Forgivable. Well, not to Chloe. In the white heat of grief and fury she’d lived through for the first few weeks after Mark’s death, she’d explored legal action against the doctor who’d attended Mark. Her lawyer, a friend and colleague of her late husband’s, had in the end persuaded her not to go through with it.

‘He’s a rotten doctor, Chloe. You know it, and I know it. And he probably knows it, too. But I’ve looked into this. The signs and symptoms of migraine are diverse enough that he’ll just about get away with saying he made a not unreasonable error. Plus, there’s the coroner’s ruling. You won’t win this, Chloe. I’d take on the case for free if I thought we had a chance. But we don’t. You’ll just prolong the pain you’re already going through, and be faced with the added burden of disappointment at the end.’

So she’d dropped it, and concentrated her energy on Jake, who despite being only a year old was clearly bewildered by what was going on, and by the sudden absence of his daddy. She’d gone back to work after a reasonable absence, but couldn’t pick up the threads again, couldn’t return in the evenings to the townhouse without a feeling not just of sadness and regret but of profound horror at how utterly wrong a turn their lives had taken. Her decision to move, to start a new life with Jake outside the city, had followed quickly.

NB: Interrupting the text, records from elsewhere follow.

(* For coprime integers $n,m>1$, $$m_2\!\left(\mathbb{Z}_{nm}^2\right)\le\min\left\{n\cdot m_2\!\left(\mathbb{Z}_m^2\right),\ m\cdot m_2\!\left(\mathbb{Z}_n^2\right)\right\}.$$
   Context: $\mathbb{Z}_k=\mathbb{Z}/k\mathbb{Z}$. A line in $\mathbb{Z}_k^2$ is a translate of a cyclic subgroup of order $k$ of the additive group $\mathbb{Z}_k^2$; points are collinear if they lie on a common line. A cap in $\mathbb{Z}_k^2$ is a subset no three distinct points of which are collinear. $m_2(\mathbb{Z}_k^2)$ denotes the maximum cardinality of a cap in $\mathbb{Z}_k^2$. *)

theory Defs
  imports Main
begin

text \<open>Z_k^2 is represented by the residues {0..<k} \<times> {0..<k} (k > 0), with
  componentwise addition modulo k.\<close>

definition Zk2 :: "nat \<Rightarrow> (nat \<times> nat) set" where
  "Zk2 k = {0..<k} \<times> {0..<k}"

definition zadd :: "nat \<Rightarrow> nat \<times> nat \<Rightarrow> nat \<times> nat \<Rightarrow> nat \<times> nat" where
  "zadd k p q = ((fst p + fst q) mod k, (snd p + snd q) mod k)"

definition cyc_subgroup :: "nat \<Rightarrow> nat \<times> nat \<Rightarrow> (nat \<times> nat) set" where
  "cyc_subgroup k g = {((t * fst g) mod k, (t * snd g) mod k) | t. True}"

definition is_line :: "nat \<Rightarrow> (nat \<times> nat) set \<Rightarrow> bool" where
  "is_line k L \<longleftrightarrow> (\<exists>p\<in>Zk2 k. \<exists>g\<in>Zk2 k.
      card (cyc_subgroup k g) = k \<and> L = zadd k p ` cyc_subgroup k g)"

definition is_cap :: "nat \<Rightarrow> (nat \<times> nat) set \<Rightarrow> bool" where
  "is_cap k A \<longleftrightarrow> A \<subseteq> Zk2 k \<and>
     (\<forall>x\<in>A. \<forall>y\<in>A. \<forall>z\<in>A. x \<noteq> y \<and> y \<noteq> z \<and> x \<noteq> z \<longrightarrow>
        \<not> (\<exists>L. is_line k L \<and> x \<in> L \<and> y \<in> L \<and> z \<in> L))"

definition m2 :: "nat \<Rightarrow> nat" where
  "m2 k = Max (card ` {A. is_cap k A})"

end

theory Submission
  imports Defs "HOL-Number_Theory.Cong"
begin

text \<open>Split a cap of \<open>\<int>\<^sub>n\<^sub>m\<^sup>2\<close> into the \<open>n\<close> classes of points with the same second
  coordinate modulo \<open>n\<close>. Inside one class, reduction modulo \<open>m\<close> reflects collinearity: by
  the Chinese remainder theorem a line \<open>q + r h\<close> of \<open>\<int>\<^sub>m\<^sup>2\<close> lifts to a line of
  \<open>\<int>\<^sub>n\<^sub>m\<^sup>2\<close> with direction \<open>(1,0)\<close> modulo \<open>n\<close> and \<open>h\<close> modulo \<open>m\<close>, and that line contains
  every point of the class reducing onto \<open>q + r h\<close> (take the first coordinate modulo \<open>n\<close>
  and \<open>r\<close> modulo \<open>m\<close> as the line parameter). So a class either reduces injectively onto
  a cap of \<open>\<int>\<^sub>m\<^sup>2\<close>, or two of its points have the same reduction, and then any third
  point would be collinear with them, so the class has at most two points. Either way
  a class has at most \<open>m\<^sub>2(\<int>\<^sub>m\<^sup>2)\<close> points.\<close>

definition primitive :: "nat \<Rightarrow> nat \<times> nat \<Rightarrow> bool" where
  "primitive k g \<longleftrightarrow> (\<forall>t. k dvd t * fst g \<and> k dvd t * snd g \<longrightarrow> k dvd t)"
lemma is_CMDRR_onD:
  assumes "is_CMDRR_on A S G"
  shows "finite G"
    and "\<forall>((a,b),(c,d)) \<in> G. a \<in> A \<and> b \<in> A \<and> c \<in> A \<and> d \<in> A \<and> a \<noteq> c \<and> b \<noteq> d"
    and "S \<subseteq> A \<times> A"
    and "\<forall>(m,w) \<in> S. \<forall>(m',w') \<in> S. m = m' \<longleftrightarrow> w = w'"
    and "\<forall>(m,w) \<in> S. \<forall>g \<in> G. \<not> (plays_man m g \<and> plays_woman w g)"
    and "\<forall>m \<in> A. \<forall>w \<in> A. (m,w) \<notin> S \<longrightarrow>
        card {g \<in> G. partners_in m w g} = 1 \<and> card {g \<in> G. opp_mw_in m w g} = 1"
    and "balanced_opposition A (fst ` S) opp_men_in G"
    and "balanced_opposition A (snd ` S) opp_women_in G"
  by (insert assms, unfold is_CMDRR_on_def, elim conjE, assumption)+

lemma game_cases: obtains a b c d where "g = ((a,b),(c,d))"
  by (metis prod.exhaust)

definition game_players :: "game \<Rightarrow> nat set" where
  "game_players g = (case g of ((a,b),(c,d)) \<Rightarrow> {a,b,c,d})"

lemma game_players_related:
  assumes "Q \<in> {partners_in, opp_mw_in, opp_men_in, opp_women_in}" "Q u v g"
  shows "u \<in> game_players g \<and> v \<in> game_players g"
  using assms by (cases g rule: game_cases)
    (auto simp: game_players_def partners_in_def opp_mw_in_def opp_men_in_def opp_women_in_def)
(* Fix $x>0$. There exists a constant $C(x)$, depending only on $x$, such that for all nonnegative integers $n,s$ with $s^{16}\le n$, $$ \left|\omega_n^{(s)}(x)\right|\le \frac{C(x)}{(n+1)^{1/4}}. $$
   Context: For integers $n\ge 0$, $s\ge 0$, the generalized Laguerre polynomial is $L_n^{(s)}(x)=\frac{(n+s)!}{n!}\sum_{i=0}^{n}\binom{n}{i}(-1)^i\frac{x^i}{(i+s)!}$, and the normalized Laguerre function is $$ \omega_n^{(s)}(x)=\sqrt{\frac{n!}{(n+s)!}}\,e^{-x/2}\,x^{s/2}\,L_n^{(s)}(x), $$ which satisfies $\int_0^{\infty}\omega_m^{(s)}(x)\,\omega_n^{(s)}(x)\,dx=\delta_{n,m}$. *)

theory Defs
  imports "HOL-Analysis.Analysis"
begin

definition laguerre :: "nat \<Rightarrow> nat \<Rightarrow> real \<Rightarrow> real" where
  "laguerre n s x = fact (n + s) / fact n *
     (\<Sum>i=0..n. real (n choose i) * (-1) ^ i * x ^ i / fact (i + s))"

definition laguerre_fun :: "nat \<Rightarrow> nat \<Rightarrow> real \<Rightarrow> real" where
  "laguerre_fun n s x = sqrt (fact n / fact (n + s)) * exp (- x / 2) *
     x powr (real s / 2) * laguerre n s x"

end

theory Submission
  imports Defs
begin
lemma weight_unit_vec:
  assumes i: "i \<in> A"
  shows "card {g\<in>Nbar. dot3 m (unit_vec i, (\<lambda>_. 0), (\<lambda>_. 0)) g \<noteq> 0}
    = min_weight"
proof -
  let ?q = "CARD('a)"
  let ?x = "(unit_vec i, (\<lambda>_. 0), (\<lambda>_. 0)) :: 'a vec3"
  have im: "i \<in> {1..m}" and iB: "i \<notin> B" using i A_sub disjoint by auto
  have "card {w\<in>Delta_star m A :: (nat \<Rightarrow> 'a) set. w i \<noteq> 0}
      = card {w\<in>Delta m A :: (nat \<Rightarrow> 'a) set. w i \<noteq> 0}"
    using card_filter_Delta_star[of m A "\<lambda>w. w i \<noteq> 0"] by simp
  also have "\<dots> = (?q - 1) * ?q ^ (card A - 1)"
  proof -
    have "unit_vec i i \<noteq> (0::'a)" by (simp add: unit_vec_def)
    then show ?thesis
      using card_affine_nonzero[of A m i "unit_vec i :: nat \<Rightarrow> 'a" 0] i A_sub power_diff_power_pred[OF card_A_pos]
      by (simp add: dotv_unit_vec[OF im])
  qed
  finally have A_count: "card {w\<in>Delta_star m A :: (nat \<Rightarrow> 'a) set. w i \<noteq> 0} = (?q - 1) * ?q ^ (card A - 1)" .
  have "nonzero_pair ?x w1 w2 w3 = of_bool (w1 i \<noteq> 0)" if "w2 \<in> Delta m B" for w1 w2 w3
    using Delta_vanishes[OF that iB] by (simp add: dot3_N4_elem dotv_unit_vec[OF im])
  then have "card {g\<in>N. dot3 m ?x g \<noteq> 0}
      = (\<Sum>w1\<in>(Delta_star m A :: (nat \<Rightarrow> 'a) set).
          card (Delta m B :: (nat \<Rightarrow> 'a) set) * card (Delta_c m C :: (nat \<Rightarrow> 'a) set) * of_bool (w1 i \<noteq> 0))"
    unfolding card_filter_N4[OF disjoint] by (simp add: mult.assoc cong: sum.cong)
  also have "\<dots> = (?q - 1) * ((?q ^ m - ?q ^ card C) * ?q ^ (card A + card B - 1))"
    unfolding sum_distrib_left[symmetric] power_add_pred_left[OF card_A_pos]
    by (simp add: finite_Delta_star Int_def A_count card_Delta[OF B_sub] card_Delta_c[OF C_sub] mult_ac)
  also have "card {g\<in>N. dot3 m ?x g \<noteq> 0} = (?q - 1) * card {g\<in>Nbar. dot3 m ?x g \<noteq> 0}"
    by (rule card_filter_N_Nbar[folded field_size]) (simp add: dot3_smult3)
  finally show ?thesis using two_le_card_field[where 'a='a] by (simp add: min_weight_def field_size)
qed

lemma hdist_codeword:
  "hdist Nbar (codeword m Nbar x) (codeword m Nbar y) = card {g\<in>Nbar. dot3 m (diff3 x y) g \<noteq> 0}"
  unfolding hdist_def codeword_def dot3_diff3 by (rule arg_cong[where f = card]) auto

lemma min_dist_code:
  "min_dist Nbar (code m Nbar) = min_weight"
proof -
  define S where "S = {hdist Nbar c c' | c c'. c \<in> code m Nbar \<and> c' \<in> code m Nbar \<and> c \<noteq> c'}"
  have lower: "min_weight \<le> s" if s: "s \<in> S" for s
  proof -
    obtain x y where s: "s = hdist Nbar (codeword m Nbar x) (codeword m Nbar y)"
      and ne: "codeword m Nbar x \<noteq> codeword m Nbar y"
      using s unfolding S_def code_eq_image by blast
    then have "\<exists>i\<in>coords. coord i (diff3 x y) \<noteq> 0"
      by (auto simp: codeword_eq_iff coord_diff3)
    then show ?thesis unfolding s hdist_codeword by (rule weight_lower)
  qed
  obtain i where i: "i \<in> A" using card_A_pos by (auto simp: card_gt_0_iff)
  let ?x = "(unit_vec i, (\<lambda>_. 0), (\<lambda>_. 0)) :: 'a vec3"
  let ?z = "((\<lambda>_. 0), (\<lambda>_. 0), (\<lambda>_. 0)) :: 'a vec3"
  have "i \<in> {1..m}" using i A_sub by auto
  then have x: "?x \<in> fvec m \<times> fvec m \<times> fvec m" and z: "?z \<in> fvec m \<times> fvec m \<times> fvec m"
    using unit_vec_in_fvec[of i m] by (simp_all add: fvec_def)
  have "diff3 ?x ?z = ?x" by (simp add: diff3_def)
  then have d: "hdist Nbar (codeword m Nbar ?x) (codeword m Nbar ?z) = min_weight"
    by (simp add: hdist_codeword weight_unit_vec[OF i])
  then have "codeword m Nbar ?x \<noteq> codeword m Nbar ?z"
    using min_weight_pos by (auto simp: hdist_def)
  with d x z have "min_weight \<in> S"
    unfolding S_def code_eq_image
    by (intro CollectI exI[of _ "codeword m Nbar ?x"] exI[of _ "codeword m Nbar ?z"]) auto
  moreover have "finite S"
    by (rule finite_subset[of _ "{..card Nbar}"]) (auto simp: S_def hdist_def intro: card_mono finite_Nbar)
  ultimately have "Min S = min_weight" using lower by (intro Min_eqI) auto
  then show ?thesis by (simp add: min_dist_def S_def)
qed

end

context N4_code
begin

lemma coords_subset: "coords \<subseteq> {1, 2, 3} \<times> {1..m}"
  using A_sub B_sub by (auto simp: coords_def)

lemma codeword_eq_sum_unit3:
  "codeword m Nbar x = (\<Sum>i\<in>coords. fscale (coord i x) (codeword m Nbar (unit3 i)))"
proof
  fix g
  have "dot3 m x g = (\<Sum>i\<in>coords. coord i x * dot3 m (unit3 i) g)" if "g \<in> Nbar"
  proof -
    have "dot3 m (unit3 i) g = coord i g" if "i \<in> coords" for i
      using that coords_subset by (cases i) (auto intro!: dot3_unit3)
    moreover have "g \<in> N" using Nbar_subset \<open>g \<in> Nbar\<close> by blast
    ultimately show ?thesis by (simp add: dot3_coords)
  qed
  then show "codeword m Nbar x g = (\<Sum>i\<in>coords. fscale (coord i x) (codeword m Nbar (unit3 i))) g"
    by (simp add: sum_fun_apply fscale_def codeword_def)
qed
(* Let $n\ge2$, $\alpha,\beta>0$, $a=1/\alpha$, $b=1/\beta$, and let $1\le j_1<\dots<j_r\le n-1$. For $1\le j\le n-1$ let $x_j$ be the event that box $(n-j,j)$ (on the second main diagonal) is non-empty. If $j_k\le j_{k+1}-2$ for all $k=1,\dots,r-1$, then \[\mathbb{P}_{n,\alpha,\beta}(x_{j_1},\dots,x_{j_r})=\prod_{k=1}^{r}\frac{1}{n+a+b-r+k-1}.\] Otherwise, $\mathbb{P}_{n,\alpha,\beta}(x_{j_1},\dots,x_{j_r})=0$.
   Context: A staircase tableau of size $n$ has boxes $(i,j)$ with $i,j\ge1$ and $i+j\le n+1$, rows numbered from the top and columns from the left. An $\alpha/\beta$-staircase tableau of size $n$ is a filling in which each box is empty or contains $\alpha$ or $\beta$, such that: all boxes in the same column and above an $\alpha$ are empty; all boxes in the same row and to the left of a $\beta$ are empty; every main-diagonal box (with $i+j=n+1$) contains a symbol. $\overline{\mathcal{S}}_n$ is the set of these. The weight is $wt(S)=\alpha^{N_\alpha}\beta^{N_\beta}$ ($N_\alpha,N_\beta$ the numbers of $\alpha$'s, $\beta$'s), and $\mathbb{P}_{n,\alpha,\beta}(S)=wt(S)/\sum_{T\in\overline{\mathcal{S}}_n}wt(T)$. $\mathbb{P}_{n,\alpha,\beta}(E_1,\dots,E_r)$ denotes the probability of the intersection of the events. *)

theory Defs
  imports Complex_Main
begin

datatype cell = Empty | Alpha | Beta

text \<open>Boxes of the staircase of size n: (i,j) with i,j \<ge> 1 and i+j \<le> n+1
  (row i from the top, column j from the left).\<close>
definition box :: "nat \<Rightarrow> nat \<times> nat \<Rightarrow> bool" where
  "box n p \<longleftrightarrow> 1 \<le> fst p \<and> 1 \<le> snd p \<and> fst p + snd p \<le> n + 1"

Sitting alone in the stillness of the cottage, Chloe became aware her neck was wet, and realised the tears had been coursing down her face, as fresh and as stinging as if they were the first ones. When? she wondered. When does it start to get easier?

On her way to bed, she caught sight of George, the toy monkey, which after all the drama earlier had now been left on the dining room table. Dr Carlyle’s image came into her mind. It had been good of him to return the toy.

He was a likeable man, and clearly great with kids. And he was a charmer, there was no doubt about that. Charming to women.

But underneath it all, he was one of them. One of the arrogant, self-righteous clique who’d allowed her husband, her Mark, the man to whom she’d pledged her life, to die. However unfair it was to him as an individual, while she could tolerate Dr Carlyle, she could never bring herself to trust him.

Chloe drew up the covers and hoped sleep would come soon. Her hopes were in vain.